lemma Pperc_explore_reaches_then_stops_le:
  assumes S: "fractal xiy k S" and H: "H xix k (i0 + int t) \<le> 1"
  shows "Pperc xix xiy p (\<lambda>\<omega>. explore i0 S \<omega> t = Some T \<and> cross_column \<omega> (i0 + int t) T = None)
         \<le> Pperc xix xiy p (\<lambda>\<omega>. explore i0 S \<omega> t = Some T) * max (u k p) (v k p)"
proof (cases "\<exists>\<omega>. explore i0 S \<omega> t = Some T")
  case True
  then obtain \<omega> where "explore i0 S \<omega> t = Some T" ..
  then have "fractal xiy k T" and "Zk k T \<subseteq> Zk k S"
    using explore_invariant[OF S] Zk_explore_subset by blast+
  have fin: "finite (Zk k S)"
    using finite_Zk[OF fractal_finite[OF S]] .
  \<comment> \<open>reaching T only uses the columns left of column i0 + t, stopping there only uses column i0 + t\<close>
  have "Pperc xix xiy p (\<lambda>\<omega>. explore i0 S \<omega> t = Some T \<and> cross_column \<omega> (i0 + int t) T = None)
      = Pperc xix xiy p (\<lambda>\<omega>. explore i0 S \<omega> t = Some T) * Pperc xix xiy p (\<lambda>\<omega>. cross_column \<omega> (i0 + int t) T = None)"
    by (rule Pperc_conj_eq_mult[OF finite_block_edges[OF fin] finite_block_edges[OF fin]
          block_edges_disjoint[OF order_refl]
          depends_only_on_comp[OF explore_depends_only_on, where g = "\<lambda>x. x = Some T"]
          depends_only_on_comp[OF cross_column_depends_only_on[OF \<open>Zk k T \<subseteq> Zk k S\<close>],
            where g = "\<lambda>x. x = None"]])
  also have "\<dots> \<le> Pperc xix xiy p (\<lambda>\<omega>. explore i0 S \<omega> t = Some T) * max (u k p) (v k p)"
    using Pperc_cross_column_fails_le[OF \<open>fractal xiy k T\<close> H] by (intro mult_left_mono Pperc_nonneg)
  finally show ?thesis .
qed (simp add: Pperc_def)
lemma eq_cinner_if_kernel_orthogonal:
  fixes f :: "'a::chilbert \<Rightarrow> complex"
  assumes lin: "linear f" and scale: "\<And>c x. f (c *\<^sub>C x) = c * f x"
    and w: "f w = 1" and orth: "\<And>y. f y = 0 \<Longrightarrow> cinner w y = 0"
  shows "f x = cinner x (complex_of_real (inverse ((norm w)\<^sup>2)) *\<^sub>C w)"
proof -
  have "w \<noteq> 0"
    using w linear_0[OF lin] by auto
  have "f (x - f x *\<^sub>C w) = 0"
    by (simp add: linear_diff[OF lin] scale w)
  from orth[OF this] have "cinner w x = cnj (f x) * cinner w w"
    by (simp add: cinner_diff_right cinner_scaleC_right)
  then have "cnj (cinner w x) = f x * complex_of_real ((norm w)\<^sup>2)"
    by (simp add: cinner_self del: cnj_cinner)
  then have "cinner x w = f x * complex_of_real ((norm w)\<^sup>2)"
    by simp
  then show ?thesis
    using \<open>w \<noteq> 0\<close> by (simp add: cinner_scaleC_right)
qed

lemma riesz_representation:
  fixes f :: "'a::chilbert \<Rightarrow> complex"
  assumes add: "\<And>x y. f (x + y) = f x + f y" and scale: "\<And>c x. f (c *\<^sub>C x) = c * f x"
    and bound: "\<And>x. cmod (f x) \<le> norm x * K"
  shows "\<exists>z. \<forall>x. f x = cinner x z"
proof (cases "\<forall>x. f x = 0")
  case True
  then show ?thesis
    by (intro exI[of _ 0]) simp
next
  case False
  then obtain x0 where "f x0 \<noteq> 0"
    by blast
  have lin: "bounded_linear f"
    by (rule bounded_linear_intro[where K=K])
      (simp_all add: add scale scaleR_scaleC scaleR_conv_of_real bound)
  define C where "C = {v. f v = 1}"
  have "closed C"
    unfolding C_def using lin by (intro closed_Collect_eq continuous_on_const linear_continuous_on)
  moreover have "(1 / f x0) *\<^sub>C x0 \<in> C"
    using \<open>f x0 \<noteq> 0\<close> by (simp add: C_def scale)
  moreover have "(1/2) *\<^sub>R (u + v) \<in> C" if "u \<in> C" "v \<in> C" for u v
    using that by (simp add: C_def scaleR_scaleC scale add)
  ultimately obtain w where "w \<in> C" and "\<forall>v\<in>C. norm w \<le> norm v"
    using closed_midpoint_convex_has_min_norm[of C] by blast
  then have w: "f w = 1" and min: "\<And>v. f v = 1 \<Longrightarrow> norm w \<le> norm v"
    by (auto simp: C_def)
  have orth: "cinner w y = 0" if "f y = 0" for y
    by (rule cinner_eq_0_if_norm_le_add_scaleC) (simp add: min add scale w that)
  show ?thesis
    using eq_cinner_if_kernel_orthogonal[OF bounded_linear.linear[OF lin] scale w orth] by blast
qed
(* Let $X$ be a countably infinite set and $W=\mathbb R^X$. Then (1) the relation $\blacktriangleright$ on $W$ is a preorder satisfying Strong Pareto, Permutation Invariance, and Quasi-Independence; and (2) $\blacktriangleright$ weakly extends $\succeq_{SP}$ and is strictly larger than it: there exist $w,v\in W$ with $w\blacktriangleright v$ but not $w\succeq_{SP} v$.
   Context: Addition and scalar multiplication of worlds are pointwise. For a preorder $\succeq$, $w\succ v$ means $w\succeq v$ and not $v\succeq w$. For a permutation $\pi$ of $X$, $\pi(w)(x)=w(\pi(x))$. Strong Pareto: for all $w,v\in W$, if $w(x)\ge v(x)$ for all $x$ and $w(x)>v(x)$ for some $x$, then $w\succ v$. Permutation Invariance: for all $w,v\in W$ and every permutation $\pi$ of $X$, $w\succeq v$ iff $\pi(w)\succeq\pi(v)$. Quasi-Independence: for all $w,v,u\in W$, if $w\succeq v$ then for every $\alpha\in[0,1]$, $\alpha w+(1-\alpha)u\succeq \alpha v+(1-\alpha)u$. A series $\sum_{x\in X}a_x$ converges unconditionally (diverges unconditionally to $+\infty$) if it converges to the same value (diverges to $+\infty$) under every enumeration of $X$. Sum Preorder: $w\succeq_{SP} v$ iff $\sum_{x\in X}(w(x)-v(x))$ converges unconditionally to some $r\ge 0$ or diverges unconditionally to $+\infty$. Relation $\blacktriangleright$: $w\blacktriangleright v$ iff either (i) $w\succeq_{SP} v$, or (ii) all of: (a) not $w\succeq_{SP} v$; (b) there exist $c>0$ and an infinite $A\subseteq X$ with $w(x)-v(x)>c$ for all $x\in A$; (c) there do not exist $d>0$ and an infinite $B\subseteq X$ with $v(x)-w(x)>d$ for all $x\in B$. A relation $\succeq$ weakly extends $\succeq'$ if $w\succeq' v$ implies $w\succeq v$. *)

theory Defs
  imports "HOL-Analysis.Analysis"
begin

definition conv_uncond :: "('x \<Rightarrow> real) \<Rightarrow> real \<Rightarrow> bool" where
  "conv_uncond a r \<longleftrightarrow>
     (\<forall>e :: nat \<Rightarrow> 'x. bij e \<longrightarrow> (\<lambda>n. \<Sum>i<n. a (e i)) \<longlonglongrightarrow> r)"

definition div_uncond_top :: "('x \<Rightarrow> real) \<Rightarrow> bool" where
  "div_uncond_top a \<longleftrightarrow>
     (\<forall>e :: nat \<Rightarrow> 'x. bij e \<longrightarrow> filterlim (\<lambda>n. \<Sum>i<n. a (e i)) at_top sequentially)"

definition sum_preorder :: "('x \<Rightarrow> real) \<Rightarrow> ('x \<Rightarrow> real) \<Rightarrow> bool" where
  "sum_preorder w v \<longleftrightarrow>
     (\<exists>r\<ge>0. conv_uncond (\<lambda>x. w x - v x) r) \<or> div_uncond_top (\<lambda>x. w x - v x)"

definition btri :: "('x \<Rightarrow> real) \<Rightarrow> ('x \<Rightarrow> real) \<Rightarrow> bool" where
  "btri w v \<longleftrightarrow> sum_preorder w v \<or>
     (\<not> sum_preorder w v \<and>
      (\<exists>c>0. \<exists>A. infinite A \<and> (\<forall>x\<in>A. w x - v x > c)) \<and>
      \<not> (\<exists>d>0. \<exists>B. infinite B \<and> (\<forall>x\<in>B. v x - w x > d)))"

definition strict_of :: "('w \<Rightarrow> 'w \<Rightarrow> bool) \<Rightarrow> 'w \<Rightarrow> 'w \<Rightarrow> bool" where
  "strict_of R w v \<longleftrightarrow> R w v \<and> \<not> R v w"

definition is_preorder :: "('w \<Rightarrow> 'w \<Rightarrow> bool) \<Rightarrow> bool" where
  "is_preorder R \<longleftrightarrow> (\<forall>w. R w w) \<and> (\<forall>u v w. R u v \<longrightarrow> R v w \<longrightarrow> R u w)"

definition strong_pareto :: "(('x \<Rightarrow> real) \<Rightarrow> ('x \<Rightarrow> real) \<Rightarrow> bool) \<Rightarrow> bool" where
  "strong_pareto R \<longleftrightarrow> (\<forall>w v. (\<forall>x. w x \<ge> v x) \<and> (\<exists>x. w x > v x) \<longrightarrow> strict_of R w v)"

definition permutation_invariance :: "(('x \<Rightarrow> real) \<Rightarrow> ('x \<Rightarrow> real) \<Rightarrow> bool) \<Rightarrow> bool" where
  "permutation_invariance R \<longleftrightarrow>
     (\<forall>w v (\<pi> :: 'x \<Rightarrow> 'x). bij \<pi> \<longrightarrow> (R w v \<longleftrightarrow> R (w \<circ> \<pi>) (v \<circ> \<pi>)))"

definition quasi_independence :: "(('x \<Rightarrow> real) \<Rightarrow> ('x \<Rightarrow> real) \<Rightarrow> bool) \<Rightarrow> bool" where
  "quasi_independence R \<longleftrightarrow>
     (\<forall>w v u. R w v \<longrightarrow> (\<forall>\<alpha>::real. 0 \<le> \<alpha> \<and> \<alpha> \<le> 1 \<longrightarrow>
        R (\<lambda>x. \<alpha> * w x + (1 - \<alpha>) * u x) (\<lambda>x. \<alpha> * v x + (1 - \<alpha>) * u x)))"

definition weakly_extends :: "('w \<Rightarrow> 'w \<Rightarrow> bool) \<Rightarrow> ('w \<Rightarrow> 'w \<Rightarrow> bool) \<Rightarrow> bool" where
  "weakly_extends R R' \<longleftrightarrow> (\<forall>w v. R' w v \<longrightarrow> R w v)"

end

theory Submission
  imports Defs
begin

text \<open>Both relations depend only on the difference \<open>a = w - v\<close>. The central fact is that
  an unconditionally nonnegative sum of \<open>a\<close> (convergent to some \<open>r \<ge> 0\<close>, or divergent
  to \<open>+\<infinity>\<close>) leaves, for every \<open>\<epsilon> > 0\<close>, only finitely many terms below \<open>-\<epsilon>\<close>: for a
  convergent sum the terms tend to \<open>0\<close>, and for a divergent one infinitely many terms below
  \<open>-\<epsilon>\<close> could be interleaved with the others so that the partial sums return to \<open>\<le> 0\<close>
  infinitely often. Hence every difference related by \<open>\<blacktriangleright>\<close> has no uniformly negative
  infinite part, and this makes the relation closed under sums of differences, which is
  transitivity; the other axioms follow from invariance under positive scaling and
  reindexing. A strictly larger relation is witnessed by a series that adds \<open>+1\<close> whenever its
  running sum is negative and otherwise subtracts harmonic terms: its partial sums stay
  bounded without converging, yet it has infinitely many terms equal to \<open>1\<close>.\<close>

section \<open>Reduction to differences\<close>

definition uncond_sum_nonneg :: "('x \<Rightarrow> real) \<Rightarrow> bool" where
  "uncond_sum_nonneg a \<longleftrightarrow> (\<exists>r\<ge>0. conv_uncond a r) \<or> div_uncond_top a"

Activity. Please copy, exactly and with nothing else, the lines above beginning at the line that has "using \<open>f x0" and ending with the line that has "(* Let $X$ be".

Exercise result.
    using \<open>f x0 \<noteq> 0\<close> by (simp add: C_def scale)
  moreover have "(1/2) *\<^sub>R (u + v) \<in> C" if "u \<in> C" "v \<in> C" for u v
    using that by (simp add: C_def scaleR_scaleC scale add)
  ultimately obtain w where "w \<in> C" and "\<forall>v\<in>C. norm w \<le> norm v"
    using closed_midpoint_convex_has_min_norm[of C] by blast
  then have w: "f w = 1" and min: "\<And>v. f v = 1 \<Longrightarrow> norm w \<le> norm v"
    by (auto simp: C_def)
  have orth: "cinner w y = 0" if "f y = 0" for y
    by (rule cinner_eq_0_if_norm_le_add_scaleC) (simp add: min add scale w that)
  show ?thesis
    using eq_cinner_if_kernel_orthogonal[OF bounded_linear.linear[OF lin] scale w orth] by blast
qed
(* Let $X$ be a countably infinite set and $W=\mathbb R^X$. Then (1) the relation $\blacktriangleright$ on $W$ is a preorder satisfying Strong Pareto, Permutation Invariance, and Quasi-Independence; and (2) $\blacktriangleright$ weakly extends $\succeq_{SP}$ and is strictly larger than it: there exist $w,v\in W$ with $w\blacktriangleright v$ but not $w\succeq_{SP} v$.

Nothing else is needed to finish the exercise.